I calculated the "Percentage Difference of Means" and "95% Confidence Interval" in the `MiniPile_Pile_Benchmark_Comparisons.ods` spreadsheet.<br>
Crucially, we see the following results for the MiniPile-trained Pythia $160M$ model, compared against the Pile-trained Pythia $160M$ model:

| Benchmark        | Measure      | 160M Pile Deduplicated | 160M MiniPile              | Percentage Difference of Means | 95% Confidence Interval      | Interpretation                            |
| ---------------- | ------------ | ---------------------- | -------------------------- | ------------------------------ | ---------------------------- | ----------------------------------------- |
| ARC-Challenge    | acc ↑        | 0.1997 ± 0.0117        | **0.2125 ± 0.0120**        | 6.4096                         | (0.0456; -0.0200)            | Difference not significant                |
| MMLU             | acc ↑        | 0.2299 ± 0.0035        | **0.2699 ± 0.0037**        | 17.3989                        | (0.0500; 0.0300)             | MiniPile-trained better                   |
| HellaSwag        | acc ↑        | **0.2903 ± 0.0045**    | 0.2560 ± 0.0044            | -11.8154                       | (-0.0220; -0.0466)           | Pile Deduplicated-trained better          |
| WinoGrande       | acc ↑        | **0.4964 ± 0.0141**    | 0.4720 ± 0.0140            | -4.9154                        | (0.0145; -0.0633)            | Difference not significant                |
| Lambada (OpenAI) | acc ↑        | **0.3689 ± 0.0067**    | 0.0000 ± 0.0000            | -100.00                        | (-0.3558; -0.3820)           | Pile Deduplicated-trained severely better |
| Lambada (OpenAI) | perplexity ↓ | **31.2590 ± 1.1594**   | 3138574.4432 ± 302684.4607 | 10040446.5408                  | (3731804.7272; 2545281.6412) | Pile Deduplicated-trained severely better |

- Training pipeline replication seems successful, as the MiniPile-trained model displays competitive performance on multiple benchmarks.
    - Performance significantly better on MMLU
    - Comparable performance on ARC-Challenge, WinoGrande
    - Inferior performance on HellaSwag
    - Severely inferior performance on Lambada (OpenAI)

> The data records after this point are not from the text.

lemma subtree_leaves_determine:
  assumes F1: "proper_subtree V E F1" and F2: "proper_subtree V E F2"
    and eq: "subtree_leaves F1 = subtree_leaves F2"
  shows "F1 \<subseteq> F2"
proof
  fix e assume e: "e \<in> F1"
  have F2E: "F2 \<subseteq> E" and conn2: "graph_connected (\<Union>F2) F2"
    using F2 unfolding proper_subtree_def by auto
  have "e \<in> E"
    using F1 e unfolding proper_subtree_def by blast
  then obtain a b where ab: "e = {a,b}"
    using edgeE by blast
  show "e \<in> F2"
  proof (rule ccontr)
    assume "e \<notin> F2"
    obtain la lb where l: "la \<in> subtree_leaves F1" "lb \<in> subtree_leaves F1"
      "\<not> (adj (E - {{a,b}}))\<^sup>*\<^sup>* la lb"
      using proper_subtree_edge_separates[OF F1] e ab by blast
    have "la \<in> \<Union>F2" "lb \<in> \<Union>F2"
      using l(1,2) eq unfolding subtree_leaves_def by auto
    then have "(adj F2)\<^sup>*\<^sup>* la lb"
      using conn2 unfolding graph_connected_def by blast
    moreover have "F2 \<subseteq> E - {{a,b}}"
      using F2E \<open>e \<notin> F2\<close> ab by blast
    ultimately show False
      using l(3) adj_rtranclp_mono by metis
  qed
qed

definition connected_cover :: "'v set \<Rightarrow> 'v set set \<Rightarrow> bool" where
  "connected_cover S G \<longleftrightarrow> G \<subseteq> E \<and> graph_connected (\<Union>G) G \<and> S \<subseteq> \<Union>G"

text \<open>Otherwise the pendant edge at x could be removed from the cover.\<close>
lemma minimal_connected_cover_pendant:
  assumes G: "connected_cover S G" and min: "\<And>G'. connected_cover S G' \<Longrightarrow> card G \<le> card G'"
    and S2: "2 \<le> card S" and x: "x \<in> \<Union>G" "deg G x = 1"
  shows "x \<in> S"
proof (rule ccontr)
  assume xS: "x \<notin> S"
  have GE: "G \<subseteq> E" and Gc: "graph_connected (\<Union>G) G" and SG: "S \<subseteq> \<Union>G"
    using G unfolding connected_cover_def by auto
  obtain f where fx: "{g \<in> G. x \<in> g} = {f}"
    using x(2) unfolding deg_def by (rule card_1_singletonE)
  then have fG: "f \<in> G" and xf: "x \<in> f" and pendant: "\<And>g. g \<in> G \<Longrightarrow> x \<in> g \<Longrightarrow> g = f"
    by blast+
  obtain u w where uw: "f = {u,w}" "u \<noteq> w"
    using edgeE[OF subsetD[OF GE fG]] by blast
  define y where "y = (if u = x then w else u)"
  have fxy: "f = {x,y}" and xy: "x \<noteq> y"
    using uw xf unfolding y_def by auto
  have "S \<subseteq> \<Union>(G - {f})"
  proof
    fix s assume s: "s \<in> S"
    show "s \<in> \<Union>(G - {f})"
    proof (rule ccontr)
      assume s_out: "s \<notin> \<Union>(G - {f})"
      then have "s = y"
        using s SG xS fxy by auto
      then have "\<And>g. g \<in> G \<Longrightarrow> y \<in> g \<Longrightarrow> g = {x,y}"
        using s_out fxy by blast
      then have "\<Union>G \<subseteq> {x,y}"
        using connected_isolated_edge[OF Gc fG[unfolded fxy] pendant[unfolded fxy]] by blast
      then have "S \<subseteq> {y}"
        using SG xS by blast
      then show False
        using S2 card_mono[of "{y}" S] by simp
    qed
  qed
  moreover have "graph_connected (\<Union>(G - {f})) (G - {f})"
    using connected_remove_pendant_edge[OF Gc fG[unfolded fxy] xy pendant[unfolded fxy]] fxy by simp
  ultimately have "connected_cover S (G - {f})"
    unfolding connected_cover_def using GE by blast
  moreover have "finite G"
    using GE finite_E finite_subset by blast
  then have "card (G - {f}) < card G"
    using fG by (rule card_Diff1_less)
  ultimately show False
    using min leD by blast
qed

I interpret the results for the Lambada benchmark as follows:
- MiniPile seems to lack distinctly crucial linguistic understanding that was certainly emitted from The Pile Deduplicated
- It seems general linguistic understanding on MiniPile, given the extremely high perplexity, is severely lacking

Therefore, while MiniPile can enable competitive performance on some tasks with three orders of magnitude less data, it seems to break down in capturing more general aspects of language necessary for those benchmarks involving next-token prediction in rather context-rich settings.

**In other words:** There indeed seems to be no free lunch.